His betrayal has her nearly speechless. “Y-you told me you loved me.”
“Love you?” he sneers. “Do you think I would let a woman I loved run around like a little drugged-out thot?”
“You said I was special!”
Miles of laughter erupt from his lips. “Special? Lady, I’ve met a lot of white women. Special?” he repeats with venom. “You are a meme. A copy of a copy. The only thing special about you is how un-special you are. Whatever,” he concludes, rising to his booted feet. “I’m going to fix this loft. You go do whatever, you fucking junkie.”
Watching him stride to the kitchen like a conqueror, rage turns her vision scarlet, a fire stoked at the indignity of usurpation.
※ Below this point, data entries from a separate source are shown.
(* Let $V$ be a real-valued measurable function on the cone $\mathcal{C}=\mathbb{C}^\star/\mathbb{Z}_2$ with $(1+r)V\in L^2(\mathcal{C})$, let $\alpha\in[0,1]$, and for $m,m'\in\mathbb{Z}$ and $E,E'>0$ set $$v^{m,m'}_\alpha(E,E')=\int_0^\infty\!\!\int_0^\pi\overline{\phi_{\alpha;m,E}(r,\theta)}\,V(r,\theta)^2\,\phi_{\alpha;m',E'}(r,\theta)\,r\,dr\,d\theta,\qquad \phi_{\alpha;m,E}(r,\theta)=\frac{e^{2im\theta}}{\sqrt{2\pi}}J_{|2m+\alpha|}(\sqrt E\,r).$$ Then for arbitrary $m,m'$ the functions $v^{m,m'}_\alpha(E,E')$ have measurable partial derivatives up to order $3$ in $E$ and $E'$ on $(0,\infty)$, which are essentially bounded on compact subsets.
   Context: $L^2(\mathcal{C})$ is identified with $\pi$-periodic (in $\theta$) functions $\psi(r,\theta)$ on $(0,\infty)\times\mathbb{R}$ with norm $\|\psi\|^2=\int_0^\infty\int_0^\pi|\psi|^2\,r\,dr\,d\theta$; $J_\mu$ is the Bessel function of the first kind. *)

theory Defs
  imports "HOL-Analysis.Analysis"
begin

text \<open>Bessel function of the first kind (power series), for order nu >= 0 and argument x > 0.\<close>
definition besselJ :: "real \<Rightarrow> real \<Rightarrow> real" where
  "besselJ nu x = (\<Sum>k. (-1) ^ k / (fact k * Gamma (real k + nu + 1)) * (x / 2) powr (2 * real k + nu))"

definition phi :: "real \<Rightarrow> int \<Rightarrow> real \<Rightarrow> real \<Rightarrow> real \<Rightarrow> complex" where
  "phi \<alpha> m E r \<theta> = cis (2 * of_int m * \<theta>) / complex_of_real (sqrt (2 * pi))
      * complex_of_real (besselJ \<bar>2 * of_int m + \<alpha>\<bar> (sqrt E * r))"

definition vmat :: "(real \<Rightarrow> real \<Rightarrow> real) \<Rightarrow> real \<Rightarrow> int \<Rightarrow> int \<Rightarrow> real \<Rightarrow> real \<Rightarrow> complex" where
  "vmat V \<alpha> m m' E E' =
     (LINT p : {0<..} \<times> {0<..<pi} | lborel.
        cnj (phi \<alpha> m E (fst p) (snd p)) * complex_of_real ((V (fst p) (snd p))\<^sup>2)
        * phi \<alpha> m' E' (fst p) (snd p) * complex_of_real (fst p))"

text \<open>Iterated partial derivatives of a function of (E,E'); True = derivative in E, False = in E'.
  The list is read right to left (the head is the last derivative applied).\<close>
fun pderivs :: "bool list \<Rightarrow> (real \<Rightarrow> real \<Rightarrow> complex) \<Rightarrow> real \<Rightarrow> real \<Rightarrow> complex" where
  "pderivs [] f = f"
| "pderivs (True # ds) f = (\<lambda>E E'. vector_derivative (\<lambda>x. pderivs ds f x E') (at E))"
| "pderivs (False # ds) f = (\<lambda>E E'. vector_derivative (\<lambda>y. pderivs ds f E y) (at E'))"

definition partial_exists :: "bool \<Rightarrow> bool list \<Rightarrow> (real \<Rightarrow> real \<Rightarrow> complex) \<Rightarrow> real \<Rightarrow> real \<Rightarrow> bool" where
  "partial_exists d ds f E E' =
     (if d then (\<lambda>x. pderivs ds f x E') differentiable (at E)
      else (\<lambda>y. pderivs ds f E y) differentiable (at E'))"

end

theory Submission
  imports Defs "HOL-Computational_Algebra.Polynomial"
begin

text \<open>
  With \<open>x = sqrt E r\<close>, the \<open>j\<close>-th derivative of \<open>J\<^sub>\<nu>(sqrt E r)\<close> in \<open>E\<close> is
  \<open>(P(x) J\<^sub>\<nu>(x) + Q(x) x J\<^sub>\<nu>'(x)) / E\<^sup>j\<close> for polynomials with \<open>deg P \<le> j\<close> and \<open>deg Q < j\<close>.
  An energy estimate for \<open>u = sqrt x J\<^sub>\<nu>(x)\<close> gives \<open>\<bar>J\<^sub>\<nu>(x)\<bar> \<le> c / sqrt (1 + x)\<close> and
  \<open>\<bar>x J\<^sub>\<nu>'(x)\<bar> \<le> c sqrt (1 + x)\<close>. Hence, after \<open>a\<close> derivatives in \<open>E\<close> and \<open>b\<close> in \<open>E'\<close>, the
  integrand is bounded by \<open>K (1 + r) ^ (a + b - 1) V\<^sup>2 r\<close>, locally uniformly in \<open>(E, E')\<close>.
  For \<open>a + b \<le> 3\<close> this is dominated by \<open>K ((1 + r) V)\<^sup>2 r\<close>, integrable by hypothesis, so
  dominated convergence allows differentiation under the integral sign and makes the
  derivatives continuous on \<open>(0, \<infinity>)\<^sup>2\<close>, hence measurable and locally bounded.
\<close>

section \<open>The Bessel function and its growth\<close>

definition bessel_coeff :: "real \<Rightarrow> nat \<Rightarrow> real" where
  "bessel_coeff \<nu> k = (-1) ^ k / (fact k * Gamma (real k + \<nu> + 1))"

text \<open>\<open>bessel_series n \<nu>\<close> is the \<open>n\<close>-th derivative of the entire function \<open>G\<close> with
  \<open>J\<^sub>\<nu>(x) = (x/2)\<^sup>\<nu> G((x/2)\<^sup>2)\<close> for \<open>x > 0\<close>.\<close>
definition bessel_series :: "nat \<Rightarrow> real \<Rightarrow> real \<Rightarrow> real" where
  "bessel_series n \<nu> z = (\<Sum>k. (diffs ^^ n) (bessel_coeff \<nu>) k * z ^ k)"

lemma bessel_coeff_Suc:
  assumes "0 \<le> \<nu>"
  shows "bessel_coeff \<nu> (Suc k) = - bessel_coeff \<nu> k / ((real k + 1) * (real k + \<nu> + 1))"
proof -
  have "real k + \<nu> + 1 \<notin> \<int>\<^sub>\<le>\<^sub>0"
    using assms by (auto simp: nonpos_Ints_def)
  then have "Gamma (real (Suc k) + \<nu> + 1) = (real k + \<nu> + 1) * Gamma (real k + \<nu> + 1)"
    using Gamma_plus1[of "real k + \<nu> + 1"] by (simp add: algebra_simps)
  moreover have "0 < real k + \<nu> + 1"
    using assms by simp
  ultimately show ?thesis
    by (simp add: bessel_coeff_def)
qed

lemma abs_bessel_coeff_le:
  assumes "0 \<le> \<nu>"
  shows "\<bar>bessel_coeff \<nu> k\<bar> \<le> \<bar>bessel_coeff \<nu> 0\<bar> / fact k"
proof (induction k)
  case (Suc k)
  have "\<bar>bessel_coeff \<nu> (Suc k)\<bar> = \<bar>bessel_coeff \<nu> k\<bar> / ((real k + 1) * (real k + \<nu> + 1))"
    using assms by (simp add: bessel_coeff_Suc abs_divide abs_mult)
  also have "\<dots> \<le> \<bar>bessel_coeff \<nu> k\<bar> / (real k + 1)"
  proof (rule divide_left_mono)
    show "real k + 1 \<le> (real k + 1) * (real k + \<nu> + 1)"
      using mult_left_mono[of 1 "real k + \<nu> + 1" "real k + 1"] assms by simp
  qed (use assms in auto)
  also have "\<dots> \<le> \<bar>bessel_coeff \<nu> 0\<bar> / fact k / (real k + 1)"
    using Suc by (rule divide_right_mono) simp
  also have "\<dots> = \<bar>bessel_coeff \<nu> 0\<bar> / fact (Suc k)"
    by (simp add: algebra_simps)
  finally show ?case .
qed simp

lemma summable_bessel_series:
  assumes "0 \<le> \<nu>"
  shows "summable (\<lambda>k. (diffs ^^ n) (bessel_coeff \<nu>) k * z ^ k)"
proof (induction n arbitrary: z)
  case 0
  show ?case
  proof (rule summable_comparison_test')
    show "summable (\<lambda>k. \<bar>bessel_coeff \<nu> 0\<bar> * (inverse (fact k) * \<bar>z\<bar> ^ k))"
      by (intro summable_mult summable_exp)
    show "norm ((diffs ^^ 0) (bessel_coeff \<nu>) k * z ^ k)
        \<le> \<bar>bessel_coeff \<nu> 0\<bar> * (inverse (fact k) * \<bar>z\<bar> ^ k)" for k
      using mult_right_mono[OF abs_bessel_coeff_le[OF assms, of k], of "\<bar>z\<bar> ^ k"]
      by (simp add: abs_mult power_abs divide_inverse mult_ac)
  qed
next
  case (Suc n)
  then show ?case
    by (simp add: termdiff_converges_all)
qed

lemma bessel_series_has_real_derivative:
  assumes "0 \<le> \<nu>"
  shows "(bessel_series n \<nu> has_real_derivative bessel_series (Suc n) \<nu> z) (at z)"
  unfolding bessel_series_def[abs_def] funpow.simps o_def
  by (intro termdiffs_strong_converges_everywhere summable_bessel_series assms)

lemma continuous_on_bessel_series: "0 \<le> \<nu> \<Longrightarrow> continuous_on A (bessel_series n \<nu>)"
  using DERIV_isCont[OF bessel_series_has_real_derivative] by (blast intro: continuous_at_imp_continuous_on)

text \<open>Bessel's equation \<open>z G'' + (\<nu> + 1) G' + G = 0\<close>, in the form \<open>(z G')' = - (\<nu> G' + G)\<close>.\<close>
lemma bessel_series_ode:
  assumes "0 \<le> \<nu>"
  shows "((\<lambda>z. z * bessel_series 1 \<nu> z) has_real_derivative
           - (\<nu> * bessel_series 1 \<nu> z + bessel_series 0 \<nu> z)) (at z)"
proof -
  define c where "c = bessel_coeff \<nu>"
  define a where "a = diffs c"
  have sums: "(\<lambda>k. (diffs ^^ n) c k * z ^ k) sums bessel_series n \<nu> z" for n
    unfolding c_def bessel_series_def by (intro summable_sums summable_bessel_series assms)
  have "(\<lambda>k. z * (diffs a k * z ^ k)) sums (z * bessel_series 2 \<nu> z)"
    using sums_mult[OF sums[of 2]] by (simp add: a_def numeral_2_eq_2)
  then have "(\<lambda>k. real (Suc k) * a (Suc k) * z ^ Suc k) sums (z * bessel_series 2 \<nu> z)"
    by (simp add: diffs_def mult_ac)
  then have "(\<lambda>k. real k * a k * z ^ k) sums (z * bessel_series 2 \<nu> z)"
    using sums_Suc_iff[of "\<lambda>k. real k * a k * z ^ k"] by simp
  then have "(\<lambda>k. real k * a k * z ^ k + (\<nu> + 1) * (a k * z ^ k) + c k * z ^ k) sums
      (z * bessel_series 2 \<nu> z + (\<nu> + 1) * bessel_series 1 \<nu> z + bessel_series 0 \<nu> z)"
    using sums[of 1] sums[of 0] by (intro sums_add sums_mult) (simp_all add: a_def)
  moreover have "real k * a k * z ^ k + (\<nu> + 1) * (a k * z ^ k) + c k * z ^ k = 0" for k
  proof -
    have pos: "0 < real k + 1" "0 < real k + \<nu> + 1"
      using assms by simp_all
    have "(real k + \<nu> + 1) * a k = (real k + 1) * (real k + \<nu> + 1) * c (Suc k)"
      by (simp add: a_def diffs_def)
    also have "\<dots> = - c k"
      using assms pos by (simp add: c_def bessel_coeff_Suc)
    finally have "(real k + \<nu> + 1) * a k + c k = 0"
      by simp
    moreover have "real k * a k * z ^ k + (\<nu> + 1) * (a k * z ^ k) + c k * z ^ k
        = ((real k + \<nu> + 1) * a k + c k) * z ^ k"
      by (simp add: algebra_simps)
    ultimately show ?thesis
      by simp
  qed
  ultimately have "(\<lambda>k. 0) sums
      (z * bessel_series 2 \<nu> z + (\<nu> + 1) * bessel_series 1 \<nu> z + bessel_series 0 \<nu> z)"
    by simp
  then have ode: "z * bessel_series 2 \<nu> z + (\<nu> + 1) * bessel_series 1 \<nu> z + bessel_series 0 \<nu> z = 0"
    using sums_unique2[OF _ sums_zero] by blast
  show ?thesis
    by (rule DERIV_cong[OF DERIV_mult[OF DERIV_ident bessel_series_has_real_derivative[OF assms]]])
      (use ode in \<open>simp add: numeral_2_eq_2 algebra_simps\<close>)
qed

definition besselJ_xderiv :: "real \<Rightarrow> real \<Rightarrow> real" where
  "besselJ_xderiv \<nu> x = (x / 2) powr \<nu> *
     (\<nu> * bessel_series 0 \<nu> ((x / 2)\<^sup>2) + 2 * ((x / 2)\<^sup>2 * bessel_series 1 \<nu> ((x / 2)\<^sup>2)))"

lemma besselJ_eq_series:
  assumes "0 \<le> \<nu>" "0 < x"
  shows "besselJ \<nu> x = (x / 2) powr \<nu> * bessel_series 0 \<nu> ((x / 2)\<^sup>2)"
proof -
  have "(x / 2) powr (2 * real k + \<nu>) = (x / 2) powr \<nu> * ((x / 2)\<^sup>2) ^ k" for k
  proof -
    have "(x / 2) powr (2 * real k) = (x / 2) ^ (2 * k)"
      using assms powr_realpow[of "x / 2" "2 * k"] by simp
    then show ?thesis
      by (simp add: powr_add power_mult)
  qed
  then have "besselJ \<nu> x = (\<Sum>k. (x / 2) powr \<nu> * (bessel_coeff \<nu> k * ((x / 2)\<^sup>2) ^ k))"
    unfolding besselJ_def bessel_coeff_def by (simp add: algebra_simps)
  also have "\<dots> = (x / 2) powr \<nu> * bessel_series 0 \<nu> ((x / 2)\<^sup>2)"
    using suminf_mult[OF summable_bessel_series[OF assms(1), of 0]] by (simp add: bessel_series_def)
  finally show ?thesis .
qed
No sooner do black thoughts strike, she wraps her cobalt-nailed fingers around a fire poker by the mantle. Andre, standing at the key rack, perks at the sound of her footstep. “Woman, ain’t nobody got time for your bullshit—”
One swing buries the hook in the back of his skull. He slips to his knees, jarring the poker from her hands.
“Mama,” he calls weakly, clutching with both hands at empty air. Leigh wipes her arm across her eyes, cleans the blood off, to discover him convulsing on the square-tiled floor, the poker like an extra limb attached to his head. Fainter, he cries, “Mama.”
Cautious, because she fears he might pounce at her like an immortal demon, she kneels to curl both hands around the grip. Moans and blood froth from his lips. Her confidence restored in the nectar of righteousness, she places a bare foot on his shoulder, and with one good wrench cracks the back of his skull open. His brains vomit from the hole, then he stills, his arms and legs crooked as if he is running a race.
Catching her breath, she leans on the sink as her panic accelerates to vengeful triumph. “I’m a meme?” she yells, and, heaving the poker over her head, brings it down, again. “Think you’re smart? Not so smart with your brain on the fucking wall!”